Somewhere below are a line with "set \<Rightarrow> ('a \<Rightarrow> 'a \<Rightarrow>" and a later line with "j i) \<and>". Output exactly those lines and all lines between them.

(Stored data)
##########
(* Let $\Theta$ be a compact subset of $(0,1/2)\times(\mathbb{R}^2\setminus\Delta)$, $\Delta=\{(x,x):x\in\mathbb{R}\}$. Let $W$ be the cumulative distribution function of a probability measure on $\mathbb{R}$, absolutely continuous with respect to Lebesgue measure, with $\int(1+|u|+u^2+|u|^3)dW(u)<\infty$. Let $g(x)=p_0f(x-\alpha_0)+(1-p_0)f(x-\beta_0)$ with $(p_0,\alpha_0,\beta_0)\in\Theta$ and $f$ a probability density on $\mathbb{R}$, let $X_1,\dots,X_n$ be real numbers ($n\ge2$) and $h>0$. For $\theta=(p,\alpha,\beta)\in\Theta$, $u\in\mathbb{R}$, let $M(\theta,u)=pe^{iu\alpha}+(1-p)e^{iu\beta}$, $$Z_k(\theta,u)=\frac{e^{iuX_k}}{M(\theta,u)}-\frac{e^{-iuX_k}}{M(\theta,-u)},\qquad J(\theta,u)=\frac{g^*(u)}{M(\theta,u)}-\frac{g^*(-u)}{M(\theta,-u)},$$ $$S(\theta)=-\frac14\int_{\mathbb{R}}J^2(\theta,u)\,dW(u),\qquad S_n(\theta)=\frac{-1}{4n(n-1)}\sum_{j\ne k,\ j,k=1}^n\int_{|u|\le1/h}Z_k(\theta,u)Z_j(\theta,u)\,dW(u).$$ Then: (i) $S$ is Lipschitz over $\Theta$; (ii) $S_n$ is Lipschitz over $\Theta$; (iii) the Hessian $\ddot S_n$ of $S_n$ with respect to $\theta$ is Lipschitz over $\Theta$.
   Context: $g^*(u)=\int e^{ixu}g(x)\,dx$ denotes the Fourier transform. *)

theory Defs
  imports "HOL-Probability.Probability"
begin

type_synonym param = "real \<times> real \<times> real"

definition M :: "param \<Rightarrow> real \<Rightarrow> complex" where
  "M \<theta> u = (case \<theta> of (p, a, b) \<Rightarrow>
      of_real p * exp (\<i> * of_real (u * a)) + of_real (1 - p) * exp (\<i> * of_real (u * b)))"
(* Let $D=(E,\mathcal{F})$ be a binary delta-matroid. If every element of $E$ has primal type $u$ in $D$, then $D$ is even, i.e. $|X\Delta Y|$ is even for all $X,Y\in\mathcal{F}$.
   Context: A delta-matroid is a pair $D=(E,\mathcal{F})$ with $E$ finite, $\mathcal{F}$ a nonempty collection of subsets of $E$, such that for all $X,Y\in\mathcal{F}$ and $u\in X\Delta Y$ there is $v\in X\Delta Y$ (possibly $v=u$) with $X\Delta\{u,v\}\in\mathcal{F}$. The twist by $A\subseteq E$ is $D*A=(E,\{A\Delta X:X\in\mathcal{F}\})$. For a symmetric matrix $C$ over $\mathrm{GF}(2)$ indexed by $E$, $D(C)=(E,\{A\subseteq E: C[A]\text{ non-singular}\})$, with $C[A]$ the principal submatrix on $A$ and $C[\emptyset]$ non-singular by convention; a delta-matroid is binary if some twist of it is isomorphic to some $D(C)$. Let $\mathcal{F}_{\min}(D)$ be the set of minimum-cardinality feasible sets. An element $e$ is a ribbon loop if it lies in no member of $\mathcal{F}_{\min}(D)$; a ribbon loop $e$ is orientable if it is not a ribbon loop in $D*e$. An element has primal type $u$ if it is an orientable ribbon loop. *)

theory Defs
  imports Main "HOL-Library.Z2" "HOL-Combinatorics.Permutations"
begin

definition symd :: "'a set \<Rightarrow> 'a set \<Rightarrow> 'a set" where
  "symd X Y = (X - Y) \<union> (Y - X)"

definition delta_matroid :: "'a set \<Rightarrow> 'a set set \<Rightarrow> bool" where
  "delta_matroid E F \<longleftrightarrow> finite E \<and> F \<noteq> {} \<and> (\<forall>X\<in>F. X \<subseteq> E) \<and>
     (\<forall>X\<in>F. \<forall>Y\<in>F. \<forall>u\<in>symd X Y. \<exists>v\<in>symd X Y. symd X {u, v} \<in> F)"

definition twist :: "'a set set \<Rightarrow> 'a set \<Rightarrow> 'a set set" where
  "twist F A = (\<lambda>X. symd A X) ` F"

definition pdet :: "('a \<Rightarrow> 'a \<Rightarrow> bit) \<Rightarrow> 'a set \<Rightarrow> bit" where
  "pdet C A = (\<Sum>p | p permutes A. of_int (sign p) * (\<Prod>i\<in>A. C i (p i)))"

text \<open>Feasible sets of D(C), for C symmetric indexed by E (det of empty matrix is 1).\<close>
definition DC :: "'a set \<Rightarrow> ('a \<Rightarrow> 'a \<Rightarrow> bit) \<Rightarrow> 'a set set" where
  "DC E C = {A. A \<subseteq> E \<and> pdet C A \<noteq> 0}"

definition binary_dm :: "'a set \<Rightarrow> 'a set set \<Rightarrow> bool" where
  "binary_dm E F \<longleftrightarrow> (\<exists>A C. A \<subseteq> E \<and> (\<forall>i\<in>E. \<forall>j\<in>E. C i j = C j i) \<and>
       (\<exists>f. bij_betw f E E \<and> (\<lambda>X. f ` X) ` twist F A = DC E C))"

definition F_min :: "'a set set \<Rightarrow> 'a set set" where
  "F_min F = {X \<in> F. \<forall>Y\<in>F. card X \<le> card Y}"

definition ribbon_loop :: "'a set \<Rightarrow> 'a set set \<Rightarrow> 'a \<Rightarrow> bool" where
  "ribbon_loop E F e \<longleftrightarrow> e \<in> E \<and> (\<forall>X\<in>F_min F. e \<notin> X)"

definition orientable_ribbon_loop :: "'a set \<Rightarrow> 'a set set \<Rightarrow> 'a \<Rightarrow> bool" where
  "orientable_ribbon_loop E F e \<longleftrightarrow> ribbon_loop E F e \<and> \<not> ribbon_loop E (twist F {e}) e"

definition primal_type_u :: "'a set \<Rightarrow> 'a set set \<Rightarrow> 'a \<Rightarrow> bool" where
  "primal_type_u E F e \<longleftrightarrow> orientable_ribbon_loop E F e"

definition even_dm :: "'a set set \<Rightarrow> bool" where
  "even_dm F \<longleftrightarrow> (\<forall>X\<in>F. \<forall>Y\<in>F. even (card (symd X Y)))"

end

theory Submission
  imports Defs "HOL-Library.Disjoint_Sets"
begin

text \<open>
  Since every element is a ribbon loop, the minimal feasible sets are empty, so \<open>{} \<in> F\<close>;
  since every ribbon loop is orientable, no singleton is feasible (otherwise \<open>{}\<close> would be
  feasible in \<open>D * e\<close> and \<open>e\<close> would remain a ribbon loop there). Transported through the
  twist and relabelling to \<open>D(C)\<close>, this gives a set \<open>B\<close> with \<open>C[B]\<close> non-singular but every
  \<open>C[B \<Delta> {s}]\<close> singular.

  For symmetric \<open>C\<close> over GF(2) a permutation and its inverse contribute equally to the
  Leibniz sum, so only involutions survive and \<open>det C[Z] = \<Sum>y\<in>Z. C x y * det C[Z - {x, y}]\<close>.
  From this row expansion alone, induction on \<open>|B| + |Z|\<close> yields
  \<open>\<Sum>s\<in>B \<Delta> Z. det C[B \<Delta> {s}] * det C[Z \<Delta> {s}] = (|B| + |Z|) * det C[B] * det C[Z]\<close>.
  For feasible \<open>Z\<close> the left side vanishes, so \<open>|Z| \<equiv> |B|\<close> mod 2 and \<open>D(C)\<close>, hence \<open>D\<close>, is even.
\<close>

(* The default simp rules turn + and * on bit into xor and and, which defeats ring reasoning. *)
declare mult_bit_eq_and [simp del] add_bit_eq_xor [simp del]

lemma bit_mult_self [simp]: "(c :: bit) * c = c"
  by (cases c) simp_all

lemma bit_add_self [simp]: "(c :: bit) + c = 0"
  by (cases c) simp_all

lemma bit_of_nat_card_remove:
  assumes "finite B" "x \<in> B"
  shows "(of_nat (card B + n) :: bit) = 1 + of_nat (card (B - {x}) + n)"
proof -
  have "card B + n = Suc (card (B - {x}) + n)"
    using card_Suc_Diff1[OF assms] by linarith
  then show ?thesis
    by (simp only: of_nat_Suc)
qed

section \<open>Principal minors of symmetric matrices over GF(2)\<close>

definition involutions :: "'a set \<Rightarrow> ('a \<Rightarrow> 'a) set" where
  "involutions Z = {p. (\<forall>i. p (p i) = i) \<and> (\<forall>i. i \<notin> Z \<longrightarrow> p i = i)}"

lemma involutions_eq_self_inverse_permutations:
  "involutions Z = {p. p permutes Z \<and> inv p = p}"
proof (intro set_eqI iffI)
  fix p assume "p \<in> involutions Z"
  then have invol: "\<And>i. p (p i) = i" and outside: "\<And>i. i \<notin> Z \<Longrightarrow> p i = i"
    by (auto simp: involutions_def)
  have "p permutes UNIV"
    using involuntory_imp_bij[OF invol] by (simp add: permutes_univ bij_iff)
  then have "p permutes Z"
    by (rule permutes_superset) (simp add: outside)
  moreover have "inv p = p"
    using invol by (intro inv_unique_comp) (auto simp: fun_eq_iff)
  ultimately show "p \<in> {p. p permutes Z \<and> inv p = p}" by simp
next
  fix p assume "p \<in> {p. p permutes Z \<and> inv p = p}"
  then have perm: "p permutes Z" and "inv p = p" by auto
  then have "p (p i) = i" for i
    using permutes_inverses(2)[OF perm, of i] by simp
  then show "p \<in> involutions Z"
    using permutes_not_in[OF perm] by (auto simp: involutions_def)
qed

lemma finite_involutions: "finite Z \<Longrightarrow> finite (involutions Z)"
  by (rule finite_subset[OF _ finite_permutations[of Z]])
     (auto simp: involutions_eq_self_inverse_permutations)

lemma pdet_eq_sum_permutes: "pdet C Z = (\<Sum>p | p permutes Z. \<Prod>i\<in>Z. C i (p i))"
  unfolding pdet_def by (rule sum.cong) (auto simp: sign_def)

lemma pdet_eq_sum_involutions:
  assumes "finite Z" and C_sym: "\<And>i j. i \<in> Z \<Longrightarrow> j \<in> Z \<Longrightarrow> C i j = C j i"
  shows "pdet C Z = (\<Sum>p\<in>involutions Z. \<Prod>i\<in>Z. C i (p i))"
proof -
  let ?w = "\<lambda>p. \<Prod>i\<in>Z. C i (p i)" and ?P = "{p. p permutes Z}"
  have w_inv: "?w (inv p) = ?w p" if p: "p permutes Z" for p
  proof -
    have "?w p = (\<Prod>j\<in>Z. C (p j) (inv p (p j)))"
      using p C_sym by (intro prod.cong) (auto simp: permutes_inverses permutes_in_image)
    also have "\<dots> = ?w (inv p)"
      using prod.reindex_bij_betw[OF permutes_imp_bij[OF p], of "\<lambda>i. C i (inv p i)"] by simp
    finally show ?thesis by simp
  qed
  have sub: "involutions Z \<subseteq> ?P"
    by (auto simp: involutions_eq_self_inverse_permutations)
  have "sum ?w (?P - involutions Z) = 0"
  proof (rule sum_involution_eq_0[where h = inv])
    fix p assume p: "p \<in> ?P - involutions Z"
    then have perm: "p permutes Z" and "inv p \<noteq> p"
      by (auto simp: involutions_eq_self_inverse_permutations)
    then show "inv p \<in> ?P - involutions Z" "inv (inv p) = p" "inv p \<noteq> p"
      by (auto simp: involutions_eq_self_inverse_permutations permutes_inv permutes_inv_inv)
    show "?w (inv p) + ?w p = 0"
      by (simp add: w_inv[OF perm])
  qed
  then show ?thesis
    using sum.subset_diff[OF sub finite_permutations[OF assms(1)], of ?w]
    by (simp add: pdet_eq_sum_permutes)
qed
##########
SOLUTION TO THE EXERCISE
definition DC :: "'a set \<Rightarrow> ('a \<Rightarrow> 'a \<Rightarrow> bit) \<Rightarrow> 'a set set" where
  "DC E C = {A. A \<subseteq> E \<and> pdet C A \<noteq> 0}"

definition binary_dm :: "'a set \<Rightarrow> 'a set set \<Rightarrow> bool" where
  "binary_dm E F \<longleftrightarrow> (\<exists>A C. A \<subseteq> E \<and> (\<forall>i\<in>E. \<forall>j\<in>E. C i j = C j i) \<and>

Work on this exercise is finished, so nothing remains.